**Exercise instructions**
Each entry in the material below should be copied without any alteration.

[Start of Attachment]

definition jump :: "(real \<Rightarrow> real) \<Rightarrow> real \<Rightarrow> real" where
  "jump g p = Lim (at_right 0) (\<lambda>e. g (p + e) - g (p - e))"

text \<open>Jump points of a function g along the closed loop parametrised by s in [0, 2 pi)
  (g is 2pi-periodic, so discontinuity at 0 is the loop discontinuity).\<close>
definition jump_points :: "(real \<Rightarrow> real) \<Rightarrow> real set" where
  "jump_points g = {p \<in> {0..<2 * pi}. \<not> isCont g p}"

definition var_loop :: "(real \<Rightarrow> real) \<Rightarrow> real" where
  "var_loop g = - (\<Sum>p\<in>jump_points g. jump g p)"

end

theory Submission
  imports Defs
begin

text \<open>Along \<open>X\<^sub>H\<close> the functions \<open>q\<^sub>1 - p\<^sub>2, p\<^sub>1 - q\<^sub>2\<close> grow like \<open>e\<^sup>t\<close> and
  \<open>q\<^sub>1 + p\<^sub>2, p\<^sub>1 + q\<^sub>2\<close> decay like \<open>e\<^sup>-\<^sup>t\<close>. So \<open>W = (q\<^sub>1 - p\<^sub>2)\<^sup>2 + (p\<^sub>1 - q\<^sub>2)\<^sup>2\<close>
  is a time coordinate on every orbit, \<open>W\<close> times its stable counterpart is \<open>4 (j\<^sup>2 + h\<^sup>2)\<close>,
  and the sum of the two is twice the squared norm; hence an orbit in \<open>F\<^sup>-\<^sup>1(j, h)\<close>,
  \<open>j\<^sup>2 + h\<^sup>2 = l\<^sup>2\<close>, enters \<open>B\<close> at \<open>W = 2r - 2\<surd>(r\<^sup>2 - l\<^sup>2)\<close> and leaves it at
  \<open>W = 2r + 2\<surd>(r\<^sup>2 - l\<^sup>2)\<close>. On the orbit \<open>\<vartheta>(X\<^sub>H) = h / (q\<^sub>1\<^sup>2 + p\<^sub>1\<^sup>2)\<close>, and the identity
  \<open>4 W (q\<^sub>1\<^sup>2 + p\<^sub>1\<^sup>2) = (W + 2j)\<^sup>2 + 4h\<^sup>2\<close> makes \<open>arctan ((W + 2j) / 2h)\<close> an antiderivative,
  so \<open>\<Phi>\<^sub>r\<^sub>e\<^sub>l\<close> is a difference of two arctangents. On the circle \<open>(j, h) = l (cos s, sin s)\<close>
  both arctangents jump where \<open>h = l sin s\<close> changes sign; at \<open>s = 0\<close> their numerators are both
  positive and the jumps cancel, while at \<open>s = \<pi>\<close> the entry numerator is negative and the
  exit numerator positive, so the jumps add up to \<open>-2\<pi>\<close>.\<close>

lemma ham_vf_H: "ham_vf H (q1, p1, q2, p2) = (- p2, - q2, - p1, - q1)"
proof -
  have "deriv (\<lambda>t. q1 * q2 - t * p2) p1 = - p2"
    by (rule DERIV_imp_deriv) (auto intro!: derivative_eq_intros)
  moreover have "deriv (\<lambda>t. t * q2 - p1 * p2) q1 = q2"
    by (rule DERIV_imp_deriv) (auto intro!: derivative_eq_intros)
  moreover have "deriv (\<lambda>t. q1 * q2 - p1 * t) p2 = - p1"
    by (rule DERIV_imp_deriv) (auto intro!: derivative_eq_intros)
  moreover have "deriv (\<lambda>t. q1 * t - p1 * p2) q2 = q1"
    by (rule DERIV_imp_deriv) (auto intro!: derivative_eq_intros)
  ultimately show ?thesis by (simp add: ham_vf_def H_def)
qed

[End of Attachment]

**Exercise result**
definition jump :: "(real \<Rightarrow> real) \<Rightarrow> real \<Rightarrow> real" where
  "jump g p = Lim (at_right 0) (\<lambda>e. g (p + e) - g (p - e))"

text \<open>Jump points of a function g along the closed loop parametrised by s in [0, 2 pi)
  (g is 2pi-periodic, so discontinuity at 0 is the loop discontinuity).\<close>
definition jump_points :: "(real \<Rightarrow> real) \<Rightarrow> real set" where
  "jump_points g = {p \<in> {0..<2 * pi}. \<not> isCont g p}"

definition var_loop :: "(real \<Rightarrow> real) \<Rightarrow> real" where
  "var_loop g = - (\<Sum>p\<in>jump_points g. jump g p)"

end

theory Submission
  imports Defs
begin

text \<open>Along \<open>X\<^sub>H\<close> the functions \<open>q\<^sub>1 - p\<^sub>2, p\<^sub>1 - q\<^sub>2\<close> grow like \<open>e\<^sup>t\<close> and
  \<open>q\<^sub>1 + p\<^sub>2, p\<^sub>1 + q\<^sub>2\<close> decay like \<open>e\<^sup>-\<^sup>t\<close>. So \<open>W = (q\<^sub>1 - p\<^sub>2)\<^sup>2 + (p\<^sub>1 - q\<^sub>2)\<^sup>2\<close>
  is a time coordinate on every orbit, \<open>W\<close> times its stable counterpart is \<open>4 (j\<^sup>2 + h\<^sup>2)\<close>,
  and the sum of the two is twice the squared norm; hence an orbit in \<open>F\<^sup>-\<^sup>1(j, h)\<close>,
  \<open>j\<^sup>2 + h\<^sup>2 = l\<^sup>2\<close>, enters \<open>B\<close> at \<open>W = 2r - 2\<surd>(r\<^sup>2 - l\<^sup>2)\<close> and leaves it at
  \<open>W = 2r + 2\<surd>(r\<^sup>2 - l\<^sup>2)\<close>. On the orbit \<open>\<vartheta>(X\<^sub>H) = h / (q\<^sub>1\<^sup>2 + p\<^sub>1\<^sup>2)\<close>, and the identity
  \<open>4 W (q\<^sub>1\<^sup>2 + p\<^sub>1\<^sup>2) = (W + 2j)\<^sup>2 + 4h\<^sup>2\<close> makes \<open>arctan ((W + 2j) / 2h)\<close> an antiderivative,
  so \<open>\<Phi>\<^sub>r\<^sub>e\<^sub>l\<close> is a difference of two arctangents. On the circle \<open>(j, h) = l (cos s, sin s)\<close>
  both arctangents jump where \<open>h = l sin s\<close> changes sign; at \<open>s = 0\<close> their numerators are both
  positive and the jumps cancel, while at \<open>s = \<pi>\<close> the entry numerator is negative and the
  exit numerator positive, so the jumps add up to \<open>-2\<pi>\<close>.\<close>

lemma ham_vf_H: "ham_vf H (q1, p1, q2, p2) = (- p2, - q2, - p1, - q1)"
proof -
  have "deriv (\<lambda>t. q1 * q2 - t * p2) p1 = - p2"
    by (rule DERIV_imp_deriv) (auto intro!: derivative_eq_intros)
  moreover have "deriv (\<lambda>t. t * q2 - p1 * p2) q1 = q2"
    by (rule DERIV_imp_deriv) (auto intro!: derivative_eq_intros)
  moreover have "deriv (\<lambda>t. q1 * q2 - p1 * t) p2 = - p1"
    by (rule DERIV_imp_deriv) (auto intro!: derivative_eq_intros)
  moreover have "deriv (\<lambda>t. q1 * t - p1 * p2) q2 = q1"
    by (rule DERIV_imp_deriv) (auto intro!: derivative_eq_intros)
  ultimately show ?thesis by (simp add: ham_vf_def H_def)
qed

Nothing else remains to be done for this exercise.